Among other enchanted places we find ourselves in a scented grove-scented with aromatic buds and flowers sweeter than those of Araby, or "all the ointments brought from Delos Isle."

When we are well lost in the labyrinth of Britannia's Pastorals, the poets are introduced to us by name-" divinest Spenser," Sidney, Chapman, Ben Jonson, "all-loved Drayton," "well-languaged

Daniel," Brooke, Wither; and wherever we go we hear the song of birds innumerable; we also hear an elegy on the death of Prince Henry of Wales, and a lament for "our hero, honoured Essex." Queen Elizabeth enters into the entertainment, and in a song of which the argument runs

A Redbreast doth from pining save

Marina shut in Famine's cave

the fame is sung of the great sea-captains, Grenville, Gilbert, Hawke, " the Drake."

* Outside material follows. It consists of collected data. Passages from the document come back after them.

text \<open>Gaussian elimination with pivot set \<open>I\<close>: the coefficients outside \<open>I\<close> are free
  parameters, those in \<open>I\<close> are then determined.\<close>
lemma solutions_free_parametrization:
  fixes g :: "'n::finite \<Rightarrow> 'b" and I :: "'n set" and s0 :: "'n \<Rightarrow> 'a"
  assumes reduce: "\<And>s. \<exists>c. (\<forall>j. j \<notin> I \<longrightarrow> c j = 0) \<and>
      (\<Sum>i\<in>UNIV. scale (c i) (g i)) = (\<Sum>i\<in>UNIV. scale (s i) (g i))"
    and injective: "\<And>c. \<forall>j. j \<notin> I \<longrightarrow> c j = 0 \<Longrightarrow>
      (\<Sum>i\<in>UNIV. scale (c i) (g i)) = 0 \<Longrightarrow> \<forall>j. c j = 0"
  obtains b h where
    "\<And>k k0. k < card (- I) \<Longrightarrow> k0 < card (- I) \<Longrightarrow> b k (h k0) = (if k = k0 then 1 else 0)"
    "{s. (\<Sum>i\<in>UNIV. scale (s i) (g i)) = (\<Sum>i\<in>UNIV. scale (s0 i) (g i))} =
      {(\<lambda>i. s0 i + (\<Sum>k<card (- I). t k * b k i)) | t. True}"
proof -
  define m where "m = card (- I)"
  define \<Phi> where "\<Phi> s = (\<Sum>i\<in>UNIV. scale (s i) (g i))" for s
  obtain h where h: "bij_betw h {..<m} (- I)"
    using ex_bij_betw_nat_finite[of "- I"] by (auto simp: m_def atLeast0LessThan)
  have h_notin: "h k \<notin> I" if "k < m" for k
    using h that by (auto simp: bij_betw_def)
  have h_eq_iff: "h k = h k0 \<longleftrightarrow> k = k0" if "k < m" "k0 < m" for k k0
    using h that by (auto simp: bij_betw_def inj_on_def)
  define e :: "'n \<Rightarrow> 'n \<Rightarrow> 'a" where "e j i = (if i = j then 1 else 0)" for j i
  obtain c where c: "\<And>j j'. j' \<notin> I \<Longrightarrow> c j j' = 0" "\<And>j. \<Phi> (c j) = \<Phi> (e j)"
    using reduce[of "e _"] unfolding \<Phi>_def by metis
  define b where "b k i = e (h k) i - c (h k) i" for k i
  have \<Phi>_b: "\<Phi> (b k) = 0" for k
    using c(2) by (simp add: \<Phi>_def b_def sum_scale_diff)
  have b_at_h: "b k (h k0) = (if k = k0 then 1 else 0)" if "k < m" "k0 < m" for k k0
    using c(1)[OF h_notin[OF that(2)]] h_eq_iff[OF that] by (auto simp: b_def e_def)
  have "s = (\<lambda>i. s0 i + (\<Sum>k<m. t k * b k i))"
    if "\<Phi> s = \<Phi> s0" and t: "t = (\<lambda>k. s (h k) - s0 (h k))" for s t
  proof -
    define d where "d i = s i - (s0 i + (\<Sum>k<m. t k * b k i))" for i
    have "\<Phi> d = 0"
      using that by (simp add: d_def \<Phi>_def sum_scale_diff sum_scale_add_lincomb \<Phi>_b[unfolded \<Phi>_def])
    moreover have "d j = 0" if "j \<notin> I" for j
    proof -
      obtain k0 where "k0 < m" "j = h k0"
        using h \<open>j \<notin> I\<close> by (auto simp: bij_betw_def)
      then show ?thesis
        by (simp add: d_def b_at_h t if_distrib[of "\<lambda>x. _ * x"] cong: if_cong)
    qed
    ultimately have "d i = 0" for i
      using injective unfolding \<Phi>_def by blast
    then show ?thesis
      by (auto simp: d_def fun_eq_iff)
  qed
  moreover have "\<Phi> (\<lambda>i. s0 i + (\<Sum>k<m. t k * b k i)) = \<Phi> s0" for t
    using \<Phi>_b by (simp add: \<Phi>_def sum_scale_add_lincomb)
  ultimately have "{s. \<Phi> s = \<Phi> s0} = {(\<lambda>i. s0 i + (\<Sum>k<m. t k * b k i)) | t. True}"
    by blast
  then show ?thesis
    using that b_at_h unfolding \<Phi>_def m_def by blast
qed

end

definition det2 :: "'a::comm_ring_1^2 \<Rightarrow> 'a^2 \<Rightarrow> 'a" where
  "det2 u w = u$1 * w$2 - u$2 * w$1"

lemma det2_self [simp]: "det2 v v = 0"
  by (simp add: det2_def mult.commute)

lemma det2_eq_0_imp_multiple:
  fixes v x :: "'a::field^2"
  assumes "v \<noteq> 0" "det2 v x = 0"
  shows "\<exists>c. x = c *s v"
proof (cases "v$1 = 0")
  case True
  then have "v$2 \<noteq> 0" "x$1 = 0"
    using assms by (auto simp: vec2_eq_iff det2_def)
  then show ?thesis
    by (intro exI[of _ "x$2 / v$2"]) (simp add: vec2_eq_iff True)
next
  case False
  then have "x$2 = x$1 / v$1 * v$2"
    using assms(2) by (simp add: det2_def field_simps)
  then show ?thesis
    by (intro exI[of _ "x$1 / v$1"]) (simp add: vec2_eq_iff False)
qed

lemma det2_ne_0_if_lines_neq:
  fixes v w :: "'a::field^2"
  assumes "v \<noteq> 0" "w \<noteq> 0" "{c *s v | c. True} \<noteq> {c *s w | c. True}"
  shows "det2 v w \<noteq> 0"
proof
  assume "det2 v w = 0"
  then obtain d where d: "w = d *s v"
    using det2_eq_0_imp_multiple assms(1) by blast
  with assms(2) have "d \<noteq> 0" by auto
  have "c *s v = (c / d) *s w" "c *s w = (c * d) *s v" for c
    using \<open>d \<noteq> 0\<close> by (simp_all add: d)
  then have "{c *s v | c. True} = {c *s w | c. True}"
    by blast
  with assms(3) show False ..
qed

definition nil_mat :: "'a::comm_ring_1^2 \<Rightarrow> 'a^2^2" where
  "nil_mat v = (\<chi> r s. v$r * (if s = 1 then v$2 else - v$1))"

lemma nil_mat_nth [simp]:
  "nil_mat v $1$1 = v$1 * v$2" "nil_mat v $1$2 = - (v$1 * v$1)"
  "nil_mat v $2$1 = v$2 * v$2" "nil_mat v $2$2 = - (v$2 * v$1)"
  by (simp_all add: nil_mat_def)

lemma nil_mat_mult_self [simp]: "nil_mat v *v v = 0"
  by (simp add: matrix_vector_mult_2_eq_0_iff forall_2 algebra_simps)

lemma trace_nil_mat [simp]: "trace (nil_mat v) = 0"
  by (simp add: trace_2 mult.commute)

lemma nil_mat_eq_0_iff [simp]: "nil_mat (v::'a::idom^2) = 0 \<longleftrightarrow> v = 0"
  by (auto simp: mat2_eq_iff vec2_eq_iff)

lemma traceless_annihilator_eq_nil_mat:
  fixes v :: "complex^2" and B :: "complex^2^2"
  assumes "v \<noteq> 0" "B *v v = 0" "trace B = 0"
  shows "\<exists>s. B = cscaleM s (nil_mat v)"
proof -
  have row: "B$r$1 * v$1 + B$r$2 * v$2 = 0" for r
    using assms(2) by (simp add: matrix_vector_mult_2_eq_0_iff)
  have tr: "B$2$2 = - B$1$1"
    using assms(3) by (simp add: trace_2 eq_neg_iff_add_eq_0 add.commute)
  show ?thesis
  proof (cases "v$1 = 0")
    case True
    then have "v$2 \<noteq> 0" using assms(1) by (simp add: vec2_eq_iff)
    then have "B$1$2 = 0" "B$2$2 = 0" using row[of 1] row[of 2] True by simp_all
    then show ?thesis using True tr \<open>v$2 \<noteq> 0\<close>
      by (intro exI[of _ "B$2$1 / (v$2 * v$2)"]) (simp add: mat2_eq_iff)
  next
    case False
    have col1: "B$r$1 = - B$r$2 * v$2 / v$1" for r
      using row[of r] False by (simp add: field_simps eq_neg_iff_add_eq_0)
    have "B$2$1 = B$1$1 * v$2 / v$1"
      using col1[of 2] tr by simp
    then show ?thesis using False
      by (intro exI[of _ "- B$1$2 / (v$1 * v$1)"]) (simp add: mat2_eq_iff col1[of 1] tr field_simps)
  qed
qed

lemma annihilator_with_trace_iff:
  fixes v :: "complex^2" and A W :: "complex^2^2"
  assumes "v \<noteq> 0" "W *v v = 0" "trace W = 1"
  shows "A *v v = 0 \<and> trace A = a \<longleftrightarrow> (\<exists>s. A = cscaleM a W + cscaleM s (nil_mat v))"
proof
  assume A: "A *v v = 0 \<and> trace A = a"
  have "(A - cscaleM a W) *v v = 0" "trace (A - cscaleM a W) = 0"
    using A assms(2,3) by (simp_all add: matrix_vector_mult_diff_rdistrib trace_sub trace_cscaleM
        cscaleM_mult_vec)
  then obtain s where "A - cscaleM a W = cscaleM s (nil_mat v)"
    using traceless_annihilator_eq_nil_mat assms(1) by blast
  then show "\<exists>s. A = cscaleM a W + cscaleM s (nil_mat v)"
    by (metis diff_add_cancel add.commute)
next
  assume "\<exists>s. A = cscaleM a W + cscaleM s (nil_mat v)"
  then obtain s where A: "A = cscaleM a W + cscaleM s (nil_mat v)" ..
  show "A *v v = 0 \<and> trace A = a"
    using assms(2,3) by (simp add: A matrix_vector_mult_add_rdistrib trace_add trace_cscaleM
        cscaleM_mult_vec)
qed

lemma exists_annihilator_with_trace_one:
  fixes v :: "'a::field^2"
  assumes "v \<noteq> 0"
  shows "\<exists>W. W *v v = 0 \<and> trace W = 1"
proof (cases "v$1 = 0")
  case True
  then show ?thesis
    by (intro exI[of _ "vector [vector [1, 0], vector [0, 0]]"])
      (simp add: matrix_vector_mult_2_eq_0_iff forall_2 trace_2)
next
  case False
  then show ?thesis
    by (intro exI[of _ "vector [vector [0, 0], vector [- v$2 / v$1, 1]]"])
      (simp add: matrix_vector_mult_2_eq_0_iff forall_2 trace_2)
qed

lemma annihilator_of_independent_eq_0:
  fixes A :: "'a::field^2^2"
  assumes "A *v v = 0" "A *v x = 0" "det2 v x \<noteq> 0"
  shows "A = 0"
proof -
  have v: "A$r$1 * v$1 + A$r$2 * v$2 = 0" and x: "A$r$1 * x$1 + A$r$2 * x$2 = 0" for r
    using assms(1,2) by (simp_all add: matrix_vector_mult_2_eq_0_iff)
  have "A$r$1 * det2 v x = x$2 * (A$r$1 * v$1 + A$r$2 * v$2) - v$2 * (A$r$1 * x$1 + A$r$2 * x$2)"
    and "A$r$2 * det2 v x = v$1 * (A$r$1 * x$1 + A$r$2 * x$2) - x$1 * (A$r$1 * v$1 + A$r$2 * v$2)"
    for r by (simp_all add: det2_def algebra_simps)
  then have "A$r$1 * det2 v x = 0" "A$r$2 * det2 v x = 0" for r
    by (simp_all only: v x) simp_all
  then have "A$r$1 = 0" "A$r$2 = 0" for r
    using assms(3) by simp_all
  then show ?thesis
    by (simp add: mat2_eq_iff)
qed

text \<open>The trace hypothesis only serves to exclude \<open>A = 0\<close>.\<close>
lemma kernel_eq_line_iff:
  fixes v :: "'a::field^2" and A :: "'a^2^2"
  assumes "v \<noteq> 0" "trace A \<noteq> 0"
  shows "{x. A *v x = 0} = {c *s v | c. True} \<longleftrightarrow> A *v v = 0"
proof
  assume "{x. A *v x = 0} = {c *s v | c. True}"
  moreover have "v = 1 *s v" by simp
  ultimately show "A *v v = 0" by blast
next
  assume Av: "A *v v = 0"
  have "det2 v x = 0" if "A *v x = 0" for x
  proof (rule ccontr)
    assume "det2 v x \<noteq> 0"
    then have "A = 0" using annihilator_of_independent_eq_0 Av that by blast
    then show False using assms(2) by (simp add: trace_2)
  qed
  then show "{x. A *v x = 0} = {c *s v | c. True}"
    using det2_eq_0_imp_multiple[OF assms(1)] Av by (auto simp: vector_scalar_commute)
qed

text \<open>Cramer's rule for the system with columns \<open>(p\<^sub>k q\<^sub>k, p\<^sub>k\<^sup>2, q\<^sub>k\<^sup>2)\<close>, whose
  determinant is, up to sign, the product of the three \<open>2 \<times> 2\<close> minors.\<close>
lemma quadratic_monomials_solvable:
  fixes p1 q1 p2 q2 p3 q3 y1 y2 y3 :: "'a::field"
  assumes "p1*q2 - q1*p2 \<noteq> 0" "p1*q3 - q1*p3 \<noteq> 0" "p2*q3 - q2*p3 \<noteq> 0"
  shows "\<exists>x1 x2 x3. x1*(p1*q1) + x2*(p2*q2) + x3*(p3*q3) = y1 \<and>
    x1*(p1*p1) + x2*(p2*p2) + x3*(p3*p3) = y2 \<and> x1*(q1*q1) + x2*(q2*q2) + x3*(q3*q3) = y3"
proof -
  define D where "D = (p1*q2 - q1*p2) * (p1*q3 - q1*p3) * (p2*q3 - q2*p3)"
  define z1 where "z1 = (-(p2*q3 + q2*p3)*y1 + q2*q3*y2 + p2*p3*y3) * (p2*q3 - q2*p3)"
  define z2 where "z2 = ((p1*q3 + q1*p3)*y1 - q1*q3*y2 - p1*p3*y3) * (p1*q3 - q1*p3)"
  define z3 where "z3 = (-(p1*q2 + q1*p2)*y1 + q1*q2*y2 + p1*p2*y3) * (p1*q2 - q1*p2)"
  have "D \<noteq> 0"
    using assms by (simp add: D_def)
  moreover have "z1*(p1*q1) + z2*(p2*q2) + z3*(p3*q3) = D*y1"
    "z1*(p1*p1) + z2*(p2*p2) + z3*(p3*p3) = D*y2"
    "z1*(q1*q1) + z2*(q2*q2) + z3*(q3*q3) = D*y3"
    unfolding z1_def z2_def z3_def D_def by algebra+
  moreover have "(z1/D)*a + (z2/D)*b + (z3/D)*c = (z1*a + z2*b + z3*c) / D" for a b c
    by (simp add: add_divide_distrib)
  ultimately show ?thesis
    by (intro exI[of _ "z1/D"] exI[of _ "z2/D"] exI[of _ "z3/D"]) simp
qed

lemma quadratic_monomials_unique:
  fixes p1 q1 p2 q2 p3 q3 x1 x2 x3 :: "'a::field"
  assumes "p1*q2 - q1*p2 \<noteq> 0" "p1*q3 - q1*p3 \<noteq> 0" "p2*q3 - q2*p3 \<noteq> 0"
    and "x1*(p1*q1) + x2*(p2*q2) + x3*(p3*q3) = 0"
    and "x1*(p1*p1) + x2*(p2*p2) + x3*(p3*p3) = 0"
    and "x1*(q1*q1) + x2*(q2*q2) + x3*(q3*q3) = 0"
  shows "x1 = 0 \<and> x2 = 0 \<and> x3 = 0"
proof -
  define y1 where "y1 = x1*(p1*q1) + x2*(p2*q2) + x3*(p3*q3)"
  define y2 where "y2 = x1*(p1*p1) + x2*(p2*p2) + x3*(p3*p3)"
  define y3 where "y3 = x1*(q1*q1) + x2*(q2*q2) + x3*(q3*q3)"
  have "x1 * ((p1*q2 - q1*p2) * (p1*q3 - q1*p3)) = -(p2*q3 + q2*p3)*y1 + q2*q3*y2 + p2*p3*y3"
    "x2 * ((p1*q2 - q1*p2) * (p2*q3 - q2*p3)) = (p1*q3 + q1*p3)*y1 - q1*q3*y2 - p1*p3*y3"
    "x3 * ((p1*q3 - q1*p3) * (p2*q3 - q2*p3)) = -(p1*q2 + q1*p2)*y1 + q1*q2*y2 + p1*p2*y3"
    unfolding y1_def y2_def y3_def by algebra+
  moreover have "y1 = 0" "y2 = 0" "y3 = 0"
    using assms(4-6) by (simp_all add: y1_def y2_def y3_def)
  ultimately show ?thesis
    using assms(1-3) by simp
qed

Immediately afterwards we come upon a bevy of sea-nymphs learning of fishermen to knit nets

Wherein to wind up their dishevell'd hairs.

Then, by the entreaties of "the fair queen of the liquid plains," we hear a pretty shepherd chant a sad ditty, as a sample of which the following lines may

be taken :

Upon the waves of late a silver Swan

By me did ride,

And thrilled with my woes forthwith began
To sing, and died.

It must be confessed that in Britannia's Pastorals we are for ever losing our way and failing to find it. But what matter. We are happy in our wanderings, and no one in a hurry would, I imagine, ever attempt to read the old "lounging book."

As to the author, he does not for a moment pretend to keep to the matter-of-fact highway of life or letters, but likens his digressions to a maiden gone out to gather blossoms, and

Seen far off to stray if she have spied

A flower that might increase her posy's pride.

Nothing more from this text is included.